* Assignment *
Among the lines of the records, find all that carry the word "every" and copy them.

* Given data *

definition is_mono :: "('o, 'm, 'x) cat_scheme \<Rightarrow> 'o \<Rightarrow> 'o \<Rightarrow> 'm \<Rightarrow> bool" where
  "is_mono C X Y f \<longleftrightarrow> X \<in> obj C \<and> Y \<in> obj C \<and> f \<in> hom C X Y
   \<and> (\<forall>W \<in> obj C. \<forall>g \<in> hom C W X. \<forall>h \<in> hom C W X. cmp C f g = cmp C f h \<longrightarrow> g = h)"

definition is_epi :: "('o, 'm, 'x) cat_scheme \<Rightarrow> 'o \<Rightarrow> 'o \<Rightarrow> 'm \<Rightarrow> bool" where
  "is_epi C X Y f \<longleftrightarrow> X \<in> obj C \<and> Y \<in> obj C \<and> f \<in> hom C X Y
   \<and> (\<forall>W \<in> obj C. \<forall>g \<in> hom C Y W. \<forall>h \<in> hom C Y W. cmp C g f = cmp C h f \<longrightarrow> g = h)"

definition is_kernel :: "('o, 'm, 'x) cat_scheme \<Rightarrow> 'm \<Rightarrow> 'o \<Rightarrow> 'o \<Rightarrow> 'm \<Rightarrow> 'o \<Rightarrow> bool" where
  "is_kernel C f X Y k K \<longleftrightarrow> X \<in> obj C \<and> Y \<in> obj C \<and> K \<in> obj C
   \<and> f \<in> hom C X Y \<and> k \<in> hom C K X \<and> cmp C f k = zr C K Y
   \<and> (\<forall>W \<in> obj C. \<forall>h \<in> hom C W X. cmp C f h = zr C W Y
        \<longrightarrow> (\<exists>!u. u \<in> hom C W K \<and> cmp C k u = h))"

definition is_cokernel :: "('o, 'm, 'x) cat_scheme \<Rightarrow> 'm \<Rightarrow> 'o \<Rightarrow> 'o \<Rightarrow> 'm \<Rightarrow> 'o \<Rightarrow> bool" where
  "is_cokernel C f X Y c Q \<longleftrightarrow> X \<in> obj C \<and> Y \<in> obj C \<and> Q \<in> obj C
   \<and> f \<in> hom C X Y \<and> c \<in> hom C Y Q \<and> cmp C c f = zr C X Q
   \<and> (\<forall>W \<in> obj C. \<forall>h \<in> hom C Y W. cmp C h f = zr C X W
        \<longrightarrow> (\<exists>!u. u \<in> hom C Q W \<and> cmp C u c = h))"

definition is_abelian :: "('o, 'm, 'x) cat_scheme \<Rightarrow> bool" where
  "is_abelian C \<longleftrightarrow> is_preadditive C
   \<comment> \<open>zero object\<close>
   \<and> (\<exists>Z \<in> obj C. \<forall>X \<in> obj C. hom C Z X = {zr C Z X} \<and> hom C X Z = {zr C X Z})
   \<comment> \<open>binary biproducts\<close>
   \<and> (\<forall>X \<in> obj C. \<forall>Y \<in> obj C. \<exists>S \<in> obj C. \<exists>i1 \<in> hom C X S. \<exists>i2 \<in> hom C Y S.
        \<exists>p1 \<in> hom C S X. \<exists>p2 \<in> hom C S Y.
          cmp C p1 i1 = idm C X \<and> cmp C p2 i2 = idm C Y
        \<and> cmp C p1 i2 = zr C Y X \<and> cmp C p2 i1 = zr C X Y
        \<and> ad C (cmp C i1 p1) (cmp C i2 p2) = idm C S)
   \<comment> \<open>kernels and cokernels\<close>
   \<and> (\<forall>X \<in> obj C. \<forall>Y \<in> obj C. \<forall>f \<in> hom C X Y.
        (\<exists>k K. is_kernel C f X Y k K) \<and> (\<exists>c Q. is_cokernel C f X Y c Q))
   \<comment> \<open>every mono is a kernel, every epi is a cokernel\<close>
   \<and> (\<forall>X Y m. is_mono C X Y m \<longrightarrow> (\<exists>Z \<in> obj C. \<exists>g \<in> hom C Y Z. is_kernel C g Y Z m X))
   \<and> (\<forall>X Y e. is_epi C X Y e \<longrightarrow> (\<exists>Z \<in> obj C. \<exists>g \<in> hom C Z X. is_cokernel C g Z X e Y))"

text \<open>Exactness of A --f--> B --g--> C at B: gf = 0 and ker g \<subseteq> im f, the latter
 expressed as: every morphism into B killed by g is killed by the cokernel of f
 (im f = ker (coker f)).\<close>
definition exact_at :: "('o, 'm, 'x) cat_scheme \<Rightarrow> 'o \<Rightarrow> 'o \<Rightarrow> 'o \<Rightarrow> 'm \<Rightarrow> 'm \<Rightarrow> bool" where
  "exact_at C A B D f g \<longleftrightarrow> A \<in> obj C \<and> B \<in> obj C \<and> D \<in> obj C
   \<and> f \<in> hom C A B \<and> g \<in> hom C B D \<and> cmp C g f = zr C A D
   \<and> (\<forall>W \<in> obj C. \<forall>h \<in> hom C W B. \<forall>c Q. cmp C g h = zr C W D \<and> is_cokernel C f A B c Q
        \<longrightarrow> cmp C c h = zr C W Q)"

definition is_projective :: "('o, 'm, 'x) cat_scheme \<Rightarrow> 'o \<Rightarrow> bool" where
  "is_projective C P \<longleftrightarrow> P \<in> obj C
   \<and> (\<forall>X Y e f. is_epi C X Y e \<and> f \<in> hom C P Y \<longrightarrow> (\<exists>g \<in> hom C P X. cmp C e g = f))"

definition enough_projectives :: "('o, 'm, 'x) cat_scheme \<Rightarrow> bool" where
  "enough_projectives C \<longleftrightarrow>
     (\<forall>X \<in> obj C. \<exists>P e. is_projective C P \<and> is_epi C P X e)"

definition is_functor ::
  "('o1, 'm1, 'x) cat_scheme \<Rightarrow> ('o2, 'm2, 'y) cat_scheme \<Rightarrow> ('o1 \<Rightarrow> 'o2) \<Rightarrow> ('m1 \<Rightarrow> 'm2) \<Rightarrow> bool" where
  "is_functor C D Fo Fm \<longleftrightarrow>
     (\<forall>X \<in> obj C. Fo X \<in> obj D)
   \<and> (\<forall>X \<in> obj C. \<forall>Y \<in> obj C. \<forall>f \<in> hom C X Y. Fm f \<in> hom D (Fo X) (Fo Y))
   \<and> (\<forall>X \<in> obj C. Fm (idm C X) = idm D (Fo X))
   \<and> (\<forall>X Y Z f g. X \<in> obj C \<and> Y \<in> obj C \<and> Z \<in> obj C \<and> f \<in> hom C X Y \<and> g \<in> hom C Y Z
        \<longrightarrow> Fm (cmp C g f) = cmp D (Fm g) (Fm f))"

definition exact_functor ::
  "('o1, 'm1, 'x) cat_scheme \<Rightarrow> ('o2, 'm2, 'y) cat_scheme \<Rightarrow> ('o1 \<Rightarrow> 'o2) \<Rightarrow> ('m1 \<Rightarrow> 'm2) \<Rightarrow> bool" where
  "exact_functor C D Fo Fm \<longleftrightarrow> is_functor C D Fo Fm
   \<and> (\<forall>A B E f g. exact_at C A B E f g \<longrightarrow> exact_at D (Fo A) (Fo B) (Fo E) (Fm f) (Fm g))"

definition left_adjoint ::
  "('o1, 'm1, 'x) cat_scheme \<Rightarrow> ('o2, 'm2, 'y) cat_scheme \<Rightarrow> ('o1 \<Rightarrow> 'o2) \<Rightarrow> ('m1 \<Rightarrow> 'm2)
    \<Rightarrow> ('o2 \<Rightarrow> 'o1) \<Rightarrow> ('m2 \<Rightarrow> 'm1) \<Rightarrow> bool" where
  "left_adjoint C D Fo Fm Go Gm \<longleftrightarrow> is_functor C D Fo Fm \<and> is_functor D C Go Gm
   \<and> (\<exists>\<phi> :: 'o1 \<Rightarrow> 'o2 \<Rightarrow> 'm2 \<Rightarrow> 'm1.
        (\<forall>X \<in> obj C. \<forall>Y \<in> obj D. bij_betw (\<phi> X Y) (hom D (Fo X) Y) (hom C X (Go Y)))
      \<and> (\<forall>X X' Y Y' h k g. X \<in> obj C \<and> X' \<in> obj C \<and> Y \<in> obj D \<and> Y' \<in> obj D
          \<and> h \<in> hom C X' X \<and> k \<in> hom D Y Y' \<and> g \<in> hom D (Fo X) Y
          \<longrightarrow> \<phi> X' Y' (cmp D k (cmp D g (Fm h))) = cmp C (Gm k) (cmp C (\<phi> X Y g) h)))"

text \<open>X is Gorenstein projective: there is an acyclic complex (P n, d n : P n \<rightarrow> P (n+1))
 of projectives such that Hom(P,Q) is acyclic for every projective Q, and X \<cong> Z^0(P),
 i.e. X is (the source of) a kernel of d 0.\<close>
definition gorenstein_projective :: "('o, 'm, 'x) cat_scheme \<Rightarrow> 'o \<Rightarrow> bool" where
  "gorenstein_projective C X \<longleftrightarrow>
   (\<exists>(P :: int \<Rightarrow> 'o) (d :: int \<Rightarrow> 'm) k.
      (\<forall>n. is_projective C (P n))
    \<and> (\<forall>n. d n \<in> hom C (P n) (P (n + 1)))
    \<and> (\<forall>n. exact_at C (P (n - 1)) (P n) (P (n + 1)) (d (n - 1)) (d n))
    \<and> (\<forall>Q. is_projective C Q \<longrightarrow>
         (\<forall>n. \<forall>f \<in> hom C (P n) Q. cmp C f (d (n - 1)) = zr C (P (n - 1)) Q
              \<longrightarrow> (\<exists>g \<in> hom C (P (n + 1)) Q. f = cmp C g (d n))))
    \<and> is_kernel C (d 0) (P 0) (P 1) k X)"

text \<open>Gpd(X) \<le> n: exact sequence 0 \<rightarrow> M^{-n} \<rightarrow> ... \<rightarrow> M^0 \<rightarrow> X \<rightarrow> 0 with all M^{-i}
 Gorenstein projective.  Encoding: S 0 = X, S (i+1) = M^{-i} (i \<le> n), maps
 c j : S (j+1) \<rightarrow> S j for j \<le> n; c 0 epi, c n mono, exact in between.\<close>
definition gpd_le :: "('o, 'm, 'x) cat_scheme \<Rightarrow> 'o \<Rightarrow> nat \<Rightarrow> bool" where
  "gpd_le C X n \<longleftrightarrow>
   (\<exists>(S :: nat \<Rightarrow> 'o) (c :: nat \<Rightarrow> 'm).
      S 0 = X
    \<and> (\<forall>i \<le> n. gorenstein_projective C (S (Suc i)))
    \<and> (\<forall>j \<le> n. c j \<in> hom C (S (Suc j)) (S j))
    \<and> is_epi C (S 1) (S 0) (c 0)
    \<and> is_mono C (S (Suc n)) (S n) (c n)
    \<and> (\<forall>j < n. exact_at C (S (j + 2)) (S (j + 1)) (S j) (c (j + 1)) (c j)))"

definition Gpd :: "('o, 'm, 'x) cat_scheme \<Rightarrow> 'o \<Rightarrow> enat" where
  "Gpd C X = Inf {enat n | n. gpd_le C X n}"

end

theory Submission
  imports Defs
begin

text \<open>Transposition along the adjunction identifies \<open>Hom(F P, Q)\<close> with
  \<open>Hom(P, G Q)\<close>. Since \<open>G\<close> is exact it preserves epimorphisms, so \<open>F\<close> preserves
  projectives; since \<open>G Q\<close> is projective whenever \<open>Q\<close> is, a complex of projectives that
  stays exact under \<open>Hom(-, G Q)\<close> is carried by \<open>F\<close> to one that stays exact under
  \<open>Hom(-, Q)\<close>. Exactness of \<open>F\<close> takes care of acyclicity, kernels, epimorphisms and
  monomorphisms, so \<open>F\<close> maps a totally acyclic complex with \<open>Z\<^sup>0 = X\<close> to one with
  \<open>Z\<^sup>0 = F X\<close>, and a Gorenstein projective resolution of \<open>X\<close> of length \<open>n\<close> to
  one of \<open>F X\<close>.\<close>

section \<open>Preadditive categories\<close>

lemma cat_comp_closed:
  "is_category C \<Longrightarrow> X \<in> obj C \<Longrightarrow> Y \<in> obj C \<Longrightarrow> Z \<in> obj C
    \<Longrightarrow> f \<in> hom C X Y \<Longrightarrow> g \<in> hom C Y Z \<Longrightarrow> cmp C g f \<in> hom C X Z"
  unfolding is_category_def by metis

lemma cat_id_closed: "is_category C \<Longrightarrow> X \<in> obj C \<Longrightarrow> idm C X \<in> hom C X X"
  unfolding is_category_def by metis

* Output of the task *
   \<comment> \<open>every mono is a kernel, every epi is a cokernel\<close>
 expressed as: every morphism into B killed by g is killed by the cokernel of f
 of projectives such that Hom(P,Q) is acyclic for every projective Q, and X \<cong> Z^0(P),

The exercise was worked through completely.